Simply put, the "current map" is whatever Map the camera's Obj is on. This affects:

  • Which Maps are considered visible
  • Whether the DayTint is active
  • What Map's music to play and when

However, there are exceptions that use the PlayerObj's Map instead because it makes more sense:

  • Met locations for caught & hatched Pokémon
  • Determining your party's Burmy & Giratina forms
  • Whether the player can fly/teleport/dig etc
  • Battle weather (will change in the future when Weather is a globally changeable thing)

Obj movement and interaction (such as encountering Pokémon and talking to signs) happens on the individual Objs' Map/MapLayout and is not relevant to this topic. An Obj attempting to move into an unloaded Map is considered undefined behavior.

Visible Maps are any Map that is... visible on the screen. These are dynamically determined every frame; more on that later.

How things are loaded

The Maps themselves only store map details, encounters, connections, events, and their layout. First, the current Map is used as a base to determine what to load, since we assume it is always visible due to the camera being there.

All visible Maps (initially just the current Map) load their connected Maps. If those Maps are visible, then they do the same, and so on. This means all of the connected Maps are loaded in preparation for becoming visible themselves and causes a chain reaction. Once a Map becomes visible, in addition to its connections, its MapLayout and Events are loaded.

Once a Map becomes the current Map, or is being warped to, the map details and encounters are loaded. If it is no longer the current Map, they are unloaded.

When a MapLayout is loaded, it loads all of its used Blocksets, which in turn load all of its used Tilesets. Once they're unloaded, they unload the things they are using if they were the only ones using them.

The Blockset class itself contains a "3D texture", which is just a stack of 2D textures where each layer is a loaded block's texture. Actually, it contains many of these 3D textures, but each one just represents each elevation layer, since each of those has to be separated, but they all work the same way. When Blockset blocks are loaded, they create their textures initially, and mark whether they're animated. Whenever tile animations happen, only the affected animated blocks' textures are updated. Once the MapRenderer decides what blocks it needs to render and where, it just takes those textures and renders them at the correct spot.

The MapRenderer

Every frame, the MapRenderer.cs has a job to do:

  • Figure out which blocks are currently visible
  • Mark Maps as no longer visible
  • Mark Maps as newly visible
  • Render every visible MapLayout
  • Render border blocks where the gaps are
  • Render every visible VisualObj
  • Combine all of these rendered elevation layers into the final product

The MapRenderer itself contains frame buffers for each layer: one for the blocks and one for the Objs.

Each visible block is marked by a bit that indicates if it is a border block or not, and the border blocks are taken from the current Map. This means you have to design all of your border blocks between Maps to be somewhat the same or at least make it coherent so you don't see the border blocks change completely when crossing Maps.

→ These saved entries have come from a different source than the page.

(* Let $\mu,\nu$ be Borel probability measures on $[0,1)$ such that $\mu$ does not charge the boundaries of dyadic intervals ($\mu(\{j2^{-k}\})=0$ for all integers $j,k\ge0$) and $\nu$ is dyadically doubling with constant $D_\nu$: $\nu(\hat I)\le D_\nu\nu(I)$ for $I\in\mathcal{D}\setminus\{[0,1)\}$. Let $\mathcal{T}\subset\mathcal{D}$ be a tree and assume $\mu$ is $(\mathcal{T},D)$-doubling for some $D\ge1$. Then there is a constant $C$ depending only on $D_\nu$ and $D$ such that $$\sum_{I\in\mathcal{T}}\Delta^2_{\mu,\nu}(I)\mu(I) \leq C\Big(\sum_{I\in\mathcal{T}\setminus\mathbf{Leaves}(\mathcal{T})}\alpha^2_{\mu,\nu}(I)\mu(I) + \mu(\mathbf{Top}(\mathcal{T}))\Big).$$
   Context: $\mathcal{D}$: dyadic intervals $[j2^{-k},(j+1)2^{-k})\subset[0,1)$, $k\ge0$; $\hat I$ is the parent of $I$, and $I_-,I_+$ are the left and right halves (children) of $I$. $\Delta_{\mu,\nu}(I) := |\mu(I_-)/\mu(I) - \nu(I_-)/\nu(I)|$ (with the convention $\Delta_{\mu,\nu}(I)\mu(I):=0$ if $\mu(I)=0$). Wasserstein distance: $\mathbb{W}_1(\nu_1,\nu_2) := \sup_\psi |\int\psi\,d\nu_1 - \int\psi\,d\nu_2|$ over $1$-Lipschitz $\psi\colon\mathbb{R}\to\mathbb{R}$ supported on $[0,1]$; $T_I$ is the increasing affine map from $\overline I$ onto $[0,1]$, $\mu_I := T_{I\sharp}(\mu|_I)/\mu(I)$, $\nu_I := T_{I\sharp}(\nu|_I)/\nu(I)$ (zero if the mass vanishes), $\alpha_{\mu,\nu}(I) := \mathbb{W}_1(\mu_I,\nu_I)$. A tree is a family $\mathcal{T}\subset\mathcal{D}$ that is coherent (if $Q,R\in\mathcal{T}$, $P\in\mathcal{D}$, $Q\subset P\subset R$, then $P\in\mathcal{T}$), has a unique largest element $\mathbf{Top}(\mathcal{T})$, and in which every $I\in\mathcal{T}$ has either $0$ or $2$ of its children in $\mathcal{T}$. $\mathbf{Leaves}(\mathcal{T})$ is the set of $I\in\mathcal{T}$ having no children in $\mathcal{T}$. $\mu$ is $(\mathcal{T},D)$-doubling if $\mu(\hat I)\le D\mu(I)$ for all $I\in\mathcal{T}\setminus\{\mathbf{Top}(\mathcal{T})\}$. *)

theory Defs
  imports "HOL-Probability.Probability"
begin

text \<open>Dyadic intervals are indexed by pairs (k, j) with j < 2^k, denoting
  the interval [j 2^-k, (j+1) 2^-k).\<close>

definition dyadic :: "(nat \<times> nat) set" where
  "dyadic = {(k, j). j < 2 ^ k}"

fun dy :: "nat \<times> nat \<Rightarrow> real set" where
  "dy (k, j) = {real j / 2 ^ k ..< (real j + 1) / 2 ^ k}"

fun dleft :: "nat \<times> nat \<Rightarrow> nat \<times> nat" where
  "dleft (k, j) = (Suc k, 2 * j)"

fun dright :: "nat \<times> nat \<Rightarrow> nat \<times> nat" where
  "dright (k, j) = (Suc k, 2 * j + 1)"

fun dparent :: "nat \<times> nat \<Rightarrow> nat \<times> nat" where
  "dparent (k, j) = (k - 1, j div 2)"

fun Tmap :: "nat \<times> nat \<Rightarrow> real \<Rightarrow> real" where
  "Tmap (k, j) x = 2 ^ k * x - real j"

definition is_tree :: "(nat \<times> nat) set \<Rightarrow> bool" where
  "is_tree T \<longleftrightarrow> T \<subseteq> dyadic
     \<and> (\<forall>Q\<in>T. \<forall>R\<in>T. \<forall>P\<in>dyadic. dy Q \<subseteq> dy P \<and> dy P \<subseteq> dy R \<longrightarrow> P \<in> T)
     \<and> (\<exists>!Top\<in>T. \<forall>I\<in>T. dy I \<subseteq> dy Top)
     \<and> (\<forall>I\<in>T. (dleft I \<in> T \<and> dright I \<in> T) \<or> (dleft I \<notin> T \<and> dright I \<notin> T))"

definition tree_top :: "(nat \<times> nat) set \<Rightarrow> nat \<times> nat" where
  "tree_top T = (THE Top. Top \<in> T \<and> (\<forall>I\<in>T. dy I \<subseteq> dy Top))"

definition leaves :: "(nat \<times> nat) set \<Rightarrow> (nat \<times> nat) set" where
  "leaves T = {I \<in> T. dleft I \<notin> T \<and> dright I \<notin> T}"

definition tree_doubling :: "(nat \<times> nat) set \<Rightarrow> real \<Rightarrow> real measure \<Rightarrow> bool" where
  "tree_doubling T D \<mu> \<longleftrightarrow>
     (\<forall>I\<in>T - {tree_top T}. measure \<mu> (dy (dparent I)) \<le> D * measure \<mu> (dy I))"

definition dyadic_doubling :: "real \<Rightarrow> real measure \<Rightarrow> bool" where
  "dyadic_doubling D \<nu> \<longleftrightarrow>
     (\<forall>I\<in>dyadic - {(0, 0)}. measure \<nu> (dy (dparent I)) \<le> D * measure \<nu> (dy I))"

text \<open>Delta; note x / 0 = 0 in Isabelle, so Delta^2 * mu(I) = 0 when mu(I) = 0.\<close>
definition Delta :: "real measure \<Rightarrow> real measure \<Rightarrow> nat \<times> nat \<Rightarrow> real" where
  "Delta \<mu> \<nu> I = \<bar>measure \<mu> (dy (dleft I)) / measure \<mu> (dy I)
                   - measure \<nu> (dy (dleft I)) / measure \<nu> (dy I)\<bar>"

text \<open>Normalized push-forward of the restriction of a measure to I
  (the zero measure if the mass of I vanishes).\<close>
definition blowup :: "real measure \<Rightarrow> nat \<times> nat \<Rightarrow> real measure" where
  "blowup \<mu> I = distr (density \<mu> (\<lambda>x. ennreal (indicator (dy I) x / measure \<mu> (dy I))))
                      borel (Tmap I)"

definition W1 :: "real measure \<Rightarrow> real measure \<Rightarrow> real" where
  "W1 \<nu>1 \<nu>2 = (SUP \<psi> \<in> {\<psi> :: real \<Rightarrow> real. 1-lipschitz_on UNIV \<psi> \<and> (\<forall>x. x \<notin> {0..1} \<longrightarrow> \<psi> x = 0)}.
                 \<bar>integral\<^sup>L \<nu>1 \<psi> - integral\<^sup>L \<nu>2 \<psi>\<bar>)"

Each block on the screen -- including border blocks -- is rendered as a simple instanced rectangle that tells it where to be on the screen and what texture to use.

Each visible VisualObj is rendered as a simple rectangle, but they are not instanced. The shadows are rendered all together first, then the VisualObjs are rendered top to bottom.

Finally, each elevation layer is pasted to the screen, with the block frame buffer first, then the obj frame buffer. This is what allows VisualObjs to appear below the above elevations but above their current elevation's blocks.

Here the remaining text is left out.